I came to an idea that <C-a> in Vim’s normal mode should not only increase numbers but toggle booleans. It makes sense if you consider true and false as integers modulo 2.
So, I downloaded an excellent script to do the hairy work and wrote a new definition for <C-a>:
fun! NewCA()
let cw = tolower(expand("<cword>"))
if cw == "true" || cw == "false"
ToggleWord
else
" run the built-in <C-a>
execute "normal \<C-a>"
endif
endfun
command! NewCA :call NewCA()
nnoremap <C-a> :NewCA<cr>
But as it happens, nnoremap doesn’t go as far as to check inside functions. I get recursive behaviour if my cursor is not on words true or false.
In this point I swear a lot, why didn’t Bram go pick an excellent idea from Emacs, that everything should be functions and key bindings freely setable.
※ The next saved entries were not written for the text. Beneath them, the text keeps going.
(* Let $R$ be a cubiculated region. The tiling space $\mathcal{T}_R$ is flip connected if and only if $I_{R_{tiling}}\subseteq I_{R_{flip}}$.
   Context: A cubiculated region $R$ is a homogeneous cubical complex of dimension $n$ embedded in $\mathbb{R}^N$ ($n\le N$), a union of elementary $n$-cubes. A domino is two elementary $n$-cubes of $R$ sharing an $(n-1)$-face; $\mathcal{D}_R$ is the set of dominoes. A domino tiling $T\subseteq\mathcal{D}_R$ covers every elementary cube exactly once; $\mathcal{T}_R$ is the set of tilings. $G_R$ is the graph with a vertex per elementary cube and an edge between cubes sharing an $(n-1)$-face; dominoes are edges of $G_R$. A move $M=(D_1,D_2)$ (with $D_1,D_2\subseteq\mathcal{D}_R$) takes a tiling $T_1$ to $T_1+M=(T_1\setminus D_1)\cup D_2$. A local flip is a move that replaces two adjacent parallel dominoes (sharing two $(n-1)$-faces) by the two adjacent parallel dominoes covering the same four cubes in the perpendicular direction; equivalently $D_1\cup D_2$ is a $4$-cycle of $G_R$ with $D_1,D_2$ its two pairs of opposite edges. $\mathcal{M}_{flip}$ is the set of all local flips. $\mathcal{T}_R$ is flip connected if for all $T_1,T_2\in\mathcal{T}_R$ there are $M_1,\dots,M_r\in\mathcal{M}_{flip}$ with $T_2=T_1+M_1+\dots+M_r$ and $T_1+M_1+\dots+M_s\in\mathcal{T}_R$ for all $1\le s\le r$. In the polynomial ring $\mathbb{K}[y_e: e\in E(G_R)]$ write $y^{E_0}=\prod_{e\in E_0}y_e$ for $E_0\subseteq E(G_R)$. The flip ideal is $I_{R_{flip}}=\langle y^{D_1}-y^{D_2} : (D_1,D_2)\in\mathcal{M}_{flip}\rangle$ and the tiling ideal is $I_{R_{tiling}}=\langle y^{T_1}-y^{T_2} : T_1,T_2\in\mathcal{T}_R\rangle$. *)

theory Defs
  imports Complex_Main "HOL-Library.Poly_Mapping"
begin

text \<open>An elementary cube in R^N, where N = CARD('n): a corner a in Z^N and the set S of
  non-degenerate coordinate directions. Its dimension is card S.\<close>
type_synonym 'n cube = "('n \<Rightarrow> int) \<times> 'n set"

definition cube_set :: "'n cube \<Rightarrow> ('n \<Rightarrow> real) set" where
  "cube_set c = {x. \<forall>i. if i \<in> snd c then real_of_int (fst c i) \<le> x i \<and> x i \<le> real_of_int (fst c i) + 1
                              else x i = real_of_int (fst c i)}"

definition elem_cube :: "nat \<Rightarrow> 'n cube \<Rightarrow> bool" where
  "elem_cube k c \<longleftrightarrow> card (snd c) = k"

definition cubiculated_region :: "nat \<Rightarrow> ('n::finite) cube set \<Rightarrow> bool" where
  "cubiculated_region n R \<longleftrightarrow> finite R \<and> (\<forall>c\<in>R. elem_cube n c)"

definition region_set :: "'n cube set \<Rightarrow> ('n \<Rightarrow> real) set" where
  "region_set R = (\<Union>c\<in>R. cube_set c)"

definition share_face :: "nat \<Rightarrow> 'n cube \<Rightarrow> 'n cube \<Rightarrow> bool" where
  "share_face n c1 c2 \<longleftrightarrow> c1 \<noteq> c2 \<and>
     (\<exists>f. elem_cube (n - 1) f \<and> cube_set c1 \<inter> cube_set c2 = cube_set f)"

text \<open>Edges of G_R = dominoes of R (unordered pairs of cubes).\<close>
definition dominoes :: "nat \<Rightarrow> 'n cube set \<Rightarrow> 'n cube set set" where
  "dominoes n R = {{c1, c2} | c1 c2. c1 \<in> R \<and> c2 \<in> R \<and> share_face n c1 c2}"

definition tilings :: "nat \<Rightarrow> 'n cube set \<Rightarrow> 'n cube set set set" where
  "tilings n R = {T. T \<subseteq> dominoes n R \<and> (\<forall>c\<in>R. \<exists>!d. d \<in> T \<and> c \<in> d)}"

type_synonym 'n move = "'n cube set set \<times> 'n cube set set"

definition apply_move :: "'n cube set set \<Rightarrow> 'n move \<Rightarrow> 'n cube set set" where
  "apply_move T M = (T - fst M) \<union> snd M"

definition apply_moves :: "'n cube set set \<Rightarrow> 'n move list \<Rightarrow> 'n cube set set" where
  "apply_moves T Ms = foldl apply_move T Ms"

text \<open>Local flips: D1 \<union> D2 is a 4-cycle a-b-c-d-a of G_R, D1 and D2 its pairs of opposite edges.\<close>
definition flips :: "nat \<Rightarrow> 'n cube set \<Rightarrow> 'n move set" where
  "flips n R = {({{a, b}, {c, d}}, {{b, c}, {d, a}}) | a b c d.
      a \<in> R \<and> b \<in> R \<and> c \<in> R \<and> d \<in> R \<and> distinct [a, b, c, d] \<and>
      {a, b} \<in> dominoes n R \<and> {b, c} \<in> dominoes n R \<and>
      {c, d} \<in> dominoes n R \<and> {d, a} \<in> dominoes n R}"

definition flip_connected :: "nat \<Rightarrow> 'n cube set \<Rightarrow> bool" where
  "flip_connected n R \<longleftrightarrow>
     (\<forall>T1 \<in> tilings n R. \<forall>T2 \<in> tilings n R. \<exists>Ms.
        set Ms \<subseteq> flips n R \<and> apply_moves T1 Ms = T2 \<and>
        (\<forall>s. 1 \<le> s \<and> s \<le> length Ms \<longrightarrow> apply_moves T1 (take s Ms) \<in> tilings n R))"

text \<open>Polynomials over 'k in variables indexed by (sets of cubes); the ring K[y_e : e \<in> E(G_R)]
  is the subring of polynomials only involving variables y_e with e a domino.\<close>
type_synonym ('n, 'k) dpoly = "('n cube set \<Rightarrow>\<^sub>0 nat) \<Rightarrow>\<^sub>0 'k"

definition poly_ring :: "nat \<Rightarrow> 'n cube set \<Rightarrow> ('n, 'k::field) dpoly set" where
  "poly_ring n R = {p. \<forall>m \<in> Poly_Mapping.keys p. Poly_Mapping.keys m \<subseteq> dominoes n R}"

text \<open>y^{E0} = product of the variables y_e, e \<in> E0.\<close>
definition ymon :: "'n cube set set \<Rightarrow> ('n, 'k::field) dpoly" where
  "ymon E0 = Poly_Mapping.single (\<Sum>e\<in>E0. Poly_Mapping.single e 1) 1"

definition gen_ideal :: "('a::comm_ring_1) set \<Rightarrow> 'a set \<Rightarrow> 'a set" where
  "gen_ideal P G = {p. \<exists>F r. finite F \<and> F \<subseteq> G \<and> (\<forall>g\<in>F. r g \<in> P) \<and> p = (\<Sum>g\<in>F. r g * g)}"

definition flip_ideal :: "nat \<Rightarrow> 'n cube set \<Rightarrow> ('n, 'k::field) dpoly set" where
  "flip_ideal n R = gen_ideal (poly_ring n R)
      {ymon (fst M) - ymon (snd M) | M. M \<in> flips n R}"

definition tiling_ideal :: "nat \<Rightarrow> 'n cube set \<Rightarrow> ('n, 'k::field) dpoly set" where
  "tiling_ideal n R = gen_ideal (poly_ring n R)
      {ymon T1 - ymon T2 | T1 T2. T1 \<in> tilings n R \<and> T2 \<in> tilings n R}"

end

theory Submission
  imports Defs
begin

(*
  Along a flip walk, consecutive tilings T and T' = (T - D1) \<union> D2 satisfy
  y^T - y^T' = y^(T - D1) (y^D1 - y^D2), so flip connectivity puts every generator of the
  tiling ideal into the flip ideal.

  Conversely, let C be the set of exponent vectors of the tilings reachable from T1 by flips.
  An exponent u + D1 is the exponent of a tiling S only if D1 \<subseteq> S, and then flipping S
  yields the exponent u + D2; hence C is closed under u + D1 \<leftrightarrow> u + D2 for every flip (D1, D2).
  So the linear functional summing the coefficients of the monomials with exponent in C
  vanishes on the flip ideal. On y^T1 - y^T2 it takes the value 1 - [T2 \<in> C]; hence if this
  binomial lies in the flip ideal, T2 is reachable from T1.
*)

locale semiring_closed =
  fixes P :: "'a::comm_ring_1 set"
  assumes zero_closed: "0 \<in> P"
    and add_closed: "x \<in> P \<Longrightarrow> y \<in> P \<Longrightarrow> x + y \<in> P"
    and mult_closed: "x \<in> P \<Longrightarrow> y \<in> P \<Longrightarrow> x * y \<in> P"
lemma eventually_shift_coefficient_bound:
  "\<forall>\<^sub>F n in sequentially. \<bar>(log_correction n + \<eta>) * (log_correction n + \<eta> + 3) / 2 + 1\<bar>
     \<le> (3/2 + \<bar>\<eta>\<bar>) * (3/2 + \<bar>\<eta>\<bar> + 3) / 2 + 1"
  using eventually_abs_log_correction_le[of \<eta>]
proof eventually_elim
  case (elim n)
  moreover have "\<bar>log_correction n + \<eta> + 3\<bar> \<le> 3/2 + \<bar>\<eta>\<bar> + 3"
    using elim abs_triangle_ineq[of "log_correction n + \<eta>" 3] by simp
  ultimately have "\<bar>(log_correction n + \<eta>) * (log_correction n + \<eta> + 3)\<bar>
      \<le> (3/2 + \<bar>\<eta>\<bar>) * (3/2 + \<bar>\<eta>\<bar> + 3)"
    unfolding abs_mult by (intro mult_mono) auto
  then show ?case
    by linarith
qed

lemma gam_khat_approx_shift_tendsto:
  "(\<lambda>n. gam n (p n) (khat_approx n + \<eta>) / ln_enp n) \<longlonglongrightarrow> - \<eta>"
proof -
  define R where "R n = (log_correction n + \<eta>) * (log_correction n + \<eta> + 3) / 2 + 1" for n
  define X where "X n = R n * ln_base n + ln (2 * pi) / 2 + log_correction n
    + 5/2 * ln ((khat_approx n + \<eta>) * p n / ln_enp n) + 5/2 * ln (ln_enp n)" for n
  have inv: "(\<lambda>n. inverse (ln_enp n)) \<longlonglongrightarrow> 0"
    by (rule tendsto_inverse_0_at_top[OF ln_enp_at_top])
  have "\<forall>\<^sub>F n in sequentially. \<bar>R n\<bar> \<le> (3/2 + \<bar>\<eta>\<bar>) * (3/2 + \<bar>\<eta>\<bar> + 3) / 2 + 1"
    unfolding R_def by (rule eventually_shift_coefficient_bound)
  then have R_lim: "(\<lambda>n. R n * (ln_base n * inverse (ln_enp n))) \<longlonglongrightarrow> 0"
    by (rule bounded_mult_tendsto_0) (use tendsto_mult[OF ln_base_tendsto_0 inv] in simp)
  have "\<forall>\<^sub>F n in sequentially. \<bar>log_correction n\<bar> \<le> 3/2"
    using eventually_abs_log_correction_le[of 0] by simp
  then have s_lim: "(\<lambda>n. log_correction n * inverse (ln_enp n)) \<longlonglongrightarrow> 0"
    using inv by (rule bounded_mult_tendsto_0)
  have ln_lim: "(\<lambda>n. ln (ln_enp n) / ln_enp n) \<longlonglongrightarrow> 0"
    by (rule filterlim_compose[OF _ ln_enp_at_top]) real_asymp
  have k_lim: "(\<lambda>n. ln ((khat_approx n + \<eta>) * p n / ln_enp n)) \<longlonglongrightarrow> ln 2"
    by (intro tendsto_intros khat_approx_shift_mult_p_div_ln_enp_tendsto) simp
  have "(\<lambda>n. R n * (ln_base n * inverse (ln_enp n)) + ln (2 * pi) / 2 * inverse (ln_enp n)
      + log_correction n * inverse (ln_enp n)
      + 5/2 * (ln ((khat_approx n + \<eta>) * p n / ln_enp n) * inverse (ln_enp n))
      + 5/2 * (ln (ln_enp n) / ln_enp n))
      \<longlonglongrightarrow> 0 + ln (2 * pi) / 2 * 0 + 0 + 5/2 * (ln 2 * 0) + 5/2 * 0"
    by (intro tendsto_intros inv R_lim s_lim ln_lim k_lim)
  moreover have "X n / ln_enp n = R n * (ln_base n * inverse (ln_enp n)) + ln (2 * pi) / 2 * inverse (ln_enp n)
      + log_correction n * inverse (ln_enp n)
      + 5/2 * (ln ((khat_approx n + \<eta>) * p n / ln_enp n) * inverse (ln_enp n))
      + 5/2 * (ln (ln_enp n) / ln_enp n)" for n
    unfolding X_def divide_inverse by (simp add: distrib_right mult.assoc)
  ultimately have "(\<lambda>n. X n / ln_enp n) \<longlonglongrightarrow> 0"
    by simp
  then have "(\<lambda>n. - \<eta> - X n / ln_enp n) \<longlonglongrightarrow> - \<eta> - 0"
    by (intro tendsto_intros)
  moreover have "\<forall>\<^sub>F n in sequentially. - \<eta> - X n / ln_enp n = gam n (p n) (khat_approx n + \<eta>) / ln_enp n"
    using eventually_gam_shift_eq[of \<eta>] eventually_khat_approx_bounds
  proof eventually_elim
    case (elim n)
    then have "gam n (p n) (khat_approx n + \<eta>) = - ln_enp n * \<eta> - X n"
      by (simp add: R_def X_def)
    with elim show ?case
      by (simp add: field_simps)
  qed
  ultimately show ?thesis
    by (simp add: Lim_transform_eventually)
qed
(* For every integer $T>0$, every $\varepsilon,m>0$, $\delta\in(0,1)$, and every pair of distinct edges $a\ne f$ of the lattice of size $T$, writing $A(a\to f)=A(a\to f;m,\varepsilon,\delta,T)$, $$A(a\to f)=\begin{cases}A(f\to a),&\text{if }a\perp f,\\ -A(f\to a),&\text{if }a\parallel f.\end{cases}$$
   Context: Fix an integer $T>0$, $\varepsilon,m>0$, $\delta\in(0,1)$. The lattice is $\{(x,t)\in[0,T\varepsilon]^2: 2x/\varepsilon,2t/\varepsilon,(x+t)/\varepsilon\in\mathbb{Z}\}$ modulo $(x,0)\sim(x,T\varepsilon)$, $(0,t)\sim(T\varepsilon,t)$. A lattice point is even/odd if $2x/\varepsilon$ is even/odd. An edge is a vector from a lattice point $(x,t)$ to $(x+\varepsilon/2,t+\varepsilon/2)$ or $(x-\varepsilon/2,t+\varepsilon/2)$; two edges are thus either parallel or orthogonal. A path is a finite sequence of distinct edges, each ending where the next starts. A cycle is a sequence of edges, each ending where the next starts, whose first and last edges coincide, with no other repetitions and at least one edge in between; a loop is a cycle up to cyclic change of the starting edge. A node of a path/loop $s$ is an ordered pair of consecutive edges of $s$; a turn is a node with orthogonal edges; a node/turn is even/odd according to the endpoint of its first edge. The arrow is $A(s)=\pm\frac{(-im\varepsilon)^{\mathrm{oddturns}(s)}(-\delta)^{\mathrm{eventurns}(s)}}{(1+m^2\varepsilon^2)^{\mathrm{oddnodes}(s)/2}(1-\delta^2)^{\mathrm{evennodes}(s)/2}}$, minus iff $s$ is a loop. A loop configuration is a set of pairwise edge-disjoint loops; one with source $a$ and sink $f$ is an edge-disjoint set of loops and exactly one path starting with $a$ and ending with $f$. Its arrow $A(S)$ is the product of arrows of its members (empty product $1$). The finite-lattice propagator is $A(a\to f;m,\varepsilon,\delta,T):=\frac{\sum_{S\text{ with source }a,\text{ sink }f}A(S)}{\sum_S A(S)}$ (denominator over all loop configurations; it is known to be nonzero). *)

theory Defs
  imports Complex_Main
begin

text \<open>Coordinates are rescaled: a lattice point (x,t) is encoded by the pair
  (X,Y) = (2x/eps, 2t/eps) taken modulo 2T (periodic identification), with X+Y even.
  An edge is encoded by its starting point and its direction:
  True = towards (x+eps/2, t+eps/2), False = towards (x-eps/2, t+eps/2).\<close>

type_synonym edge = "nat \<times> nat \<times> bool"

definition lattice_edges :: "nat \<Rightarrow> edge set" where
  "lattice_edges T = {(x, y, d). x < 2 * T \<and> y < 2 * T \<and> even (x + y)}"

definition edge_start :: "edge \<Rightarrow> nat \<times> nat" where
  "edge_start e = (case e of (x, y, d) \<Rightarrow> (x, y))"

definition edge_dir :: "edge \<Rightarrow> bool" where
  "edge_dir e = (case e of (x, y, d) \<Rightarrow> d)"

definition edge_end :: "nat \<Rightarrow> edge \<Rightarrow> nat \<times> nat" where
  "edge_end T e = (case e of (x, y, d) \<Rightarrow>
     ((if d then x + 1 else x + 2 * T - 1) mod (2 * T), (y + 1) mod (2 * T)))"

definition parallel :: "edge \<Rightarrow> edge \<Rightarrow> bool" where
  "parallel e e' \<longleftrightarrow> edge_dir e = edge_dir e'"

definition orthogonal :: "edge \<Rightarrow> edge \<Rightarrow> bool" where
  "orthogonal e e' \<longleftrightarrow> edge_dir e \<noteq> edge_dir e'"

definition chained :: "nat \<Rightarrow> edge list \<Rightarrow> bool" where
  "chained T s \<longleftrightarrow> (\<forall>i. Suc i < length s \<longrightarrow> edge_end T (s ! i) = edge_start (s ! Suc i))"

definition is_path :: "nat \<Rightarrow> edge list \<Rightarrow> bool" where
  "is_path T p \<longleftrightarrow> p \<noteq> [] \<and> set p \<subseteq> lattice_edges T \<and> distinct p \<and> chained T p"

definition is_cycle :: "nat \<Rightarrow> edge list \<Rightarrow> bool" where
  "is_cycle T c \<longleftrightarrow> length c \<ge> 3 \<and> hd c = last c \<and> distinct (butlast c)
      \<and> set c \<subseteq> lattice_edges T \<and> chained T c"

definition cyclic_shift :: "edge list \<Rightarrow> edge list \<Rightarrow> bool" where
  "cyclic_shift c c' \<longleftrightarrow> (\<exists>n. c' = rotate n (butlast c) @ [hd (rotate n (butlast c))])"

definition loops :: "nat \<Rightarrow> edge list set set" where
  "loops T = {{c'. is_cycle T c' \<and> cyclic_shift c c'} | c. is_cycle T c}"

definition loop_edges :: "edge list set \<Rightarrow> edge set" where
  "loop_edges L = (\<Union>c\<in>L. set c)"

text \<open>Nodes: ordered pairs of consecutive edges (for a cycle this includes the wrap-around pair).\<close>
definition nodes :: "edge list \<Rightarrow> (edge \<times> edge) list" where
  "nodes s = zip s (tl s)"

definition is_turn :: "edge \<times> edge \<Rightarrow> bool" where
  "is_turn n \<longleftrightarrow> orthogonal (fst n) (snd n)"

text \<open>A node is even/odd according to the (end)point of its first edge, i.e. the vertex
  shared by the two edges; a point is even iff its rescaled x-coordinate 2x/eps is even.\<close>
definition node_even :: "nat \<Rightarrow> edge \<times> edge \<Rightarrow> bool" where
  "node_even T n \<longleftrightarrow> even (fst (edge_end T (fst n)))"

definition arrow_unsigned :: "nat \<Rightarrow> real \<Rightarrow> real \<Rightarrow> real \<Rightarrow> edge list \<Rightarrow> complex" where
  "arrow_unsigned T m \<epsilon> \<delta> s =
     (let ns = nodes s;
          oddturns = length (filter (\<lambda>n. is_turn n \<and> \<not> node_even T n) ns);
          eventurns = length (filter (\<lambda>n. is_turn n \<and> node_even T n) ns);
          oddnodes = length (filter (\<lambda>n. \<not> node_even T n) ns);
          evennodes = length (filter (\<lambda>n. node_even T n) ns)
      in ((- \<i> * complex_of_real (m * \<epsilon>)) ^ oddturns * complex_of_real ((- \<delta>) ^ eventurns))
         / complex_of_real ((1 + m\<^sup>2 * \<epsilon>\<^sup>2) powr (real oddnodes / 2)
                            * (1 - \<delta>\<^sup>2) powr (real evennodes / 2)))"

definition arrow_path :: "nat \<Rightarrow> real \<Rightarrow> real \<Rightarrow> real \<Rightarrow> edge list \<Rightarrow> complex" where
  "arrow_path T m \<epsilon> \<delta> p = arrow_unsigned T m \<epsilon> \<delta> p"

text \<open>Arrow of a loop (minus sign); computed on any representing cycle
  (the value does not depend on the choice).\<close>
definition arrow_loop :: "nat \<Rightarrow> real \<Rightarrow> real \<Rightarrow> real \<Rightarrow> edge list set \<Rightarrow> complex" where
  "arrow_loop T m \<epsilon> \<delta> L = - arrow_unsigned T m \<epsilon> \<delta> (SOME c. c \<in> L)"

definition loop_configs :: "nat \<Rightarrow> edge list set set set" where
  "loop_configs T = {S. S \<subseteq> loops T \<and>
     (\<forall>L1\<in>S. \<forall>L2\<in>S. L1 \<noteq> L2 \<longrightarrow> loop_edges L1 \<inter> loop_edges L2 = {})}"

definition source_sink_configs :: "nat \<Rightarrow> edge \<Rightarrow> edge \<Rightarrow> (edge list set set \<times> edge list) set" where
  "source_sink_configs T a f = {(S, p). S \<in> loop_configs T \<and> is_path T p \<and> hd p = a \<and> last p = f
      \<and> (\<forall>L\<in>S. loop_edges L \<inter> set p = {})}"

definition arrow_config :: "nat \<Rightarrow> real \<Rightarrow> real \<Rightarrow> real \<Rightarrow> edge list set set \<Rightarrow> complex" where
  "arrow_config T m \<epsilon> \<delta> S = (\<Prod>L\<in>S. arrow_loop T m \<epsilon> \<delta> L)"

definition propagator :: "edge \<Rightarrow> edge \<Rightarrow> real \<Rightarrow> real \<Rightarrow> real \<Rightarrow> nat \<Rightarrow> complex" where
  "propagator a f m \<epsilon> \<delta> T =
     (\<Sum>(S, p)\<in>source_sink_configs T a f. arrow_config T m \<epsilon> \<delta> S * arrow_path T m \<epsilon> \<delta> p)
     / (\<Sum>S\<in>loop_configs T. arrow_config T m \<epsilon> \<delta> S)"

end

(*
  Write the arrow of a path or loop as the product of the weights of its nodes.  Then the
  numerators N(a,e) of the propagator satisfy the lattice Dirac equation
    sum_e N(a,e) (delta(e,f) - U(e,f)) = delta(a,f) Z,
  where U(e,f) is the weight of the node (e,f) (zero unless e ends where f starts) and Z is
  the denominator: in sum_e N(a,e) U(e,f) the configurations whose path already passes
  through f cancel against those having f on a loop, since cutting the path at f closes off
  a loop, and the arrow of a loop carries a minus sign.  So G = N/Z is a left inverse of
  I - U.  At each vertex U is the 2x2 block [[1, t], [t, 1]] / sqrt (1 - t^2) with t = -delta
  or t = -i m eps, hence U S U^T = S for the diagonal matrix S = +-1 given by the direction
  of the edges.  These two identities force S G^T S = I - G, which for a ~= f is the claimed
  (anti)symmetry.
*)
theory Submission
  imports Defs
begin

lemma zip_rotate:
  "length xs = length ys \<Longrightarrow> zip (rotate n xs) (rotate n ys) = rotate n (zip xs ys)"
proof (rule nth_equalityI)
  fix i assume "length xs = length ys" "i < length (zip (rotate n xs) (rotate n ys))"
  moreover have "0 < length ys" using calculation by (cases ys) auto
  moreover have "(n + i) mod length ys < length ys" using calculation by simp
  ultimately show "zip (rotate n xs) (rotate n ys) ! i = rotate n (zip xs ys) ! i"
    by (simp add: nth_rotate)
qed simp

lemma prod_list_rotate: "prod_list (rotate n xs) = prod_list (xs :: 'a :: comm_monoid_mult list)"
proof (induction n)
  case (Suc n)
  then show ?case by (cases "rotate n xs") (simp_all add: mult.commute)
qed simp

lemma mod_add_right_cancel_less:
  fixes x x' k N :: nat
  assumes "x < N" "x' < N" "(x + k) mod N = (x' + k) mod N"
  shows "x = x'"
proof -
  have shift_back: "(y + k + (N - k mod N)) mod N = y" if "y < N" for y
  proof -
    have "(y + k + (N - k mod N)) mod N = (y + (k mod N + (N - k mod N))) mod N"
      by (metis add.assoc mod_add_left_eq mod_add_right_eq)
    also have "\<dots> = y" using that by simp
    finally show ?thesis .
  qed
  have "(x + k + (N - k mod N)) mod N = (x' + k + (N - k mod N)) mod N"
    using assms(3) by (metis mod_add_left_eq)
  then show ?thesis using shift_back assms(1,2) by simp
qed

lemma two_by_two_sign_orthogonal:
  fixes t K :: "'a :: field"
  assumes "K * K = 1 - t * t" "K \<noteq> 0"
  defines "u \<equiv> \<lambda>x y. (if x = y then 1 else t) / K"
  shows "u x True * u y True - u x False * u y False = of_bool (x = y) * (if x then 1 else -1)"
  using assms by (cases x; cases y) (simp_all add: field_simps)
Then I just could check the function for <C-a> and call it in that function. But no, I can’t find such a function, and the execute "normal foo" phrases seem to be the Vim idiom.
Any suggestions on how I could make <C-a> work such that
- Toggle booleans when the cursor is over a word
trueorfalse - Fall back to built-in
<C-a>behaviour otherwise
Help appreciated!
change
to:
you can get ^A by running
in normal mode
the “!” at the end of normal say “use default mapping”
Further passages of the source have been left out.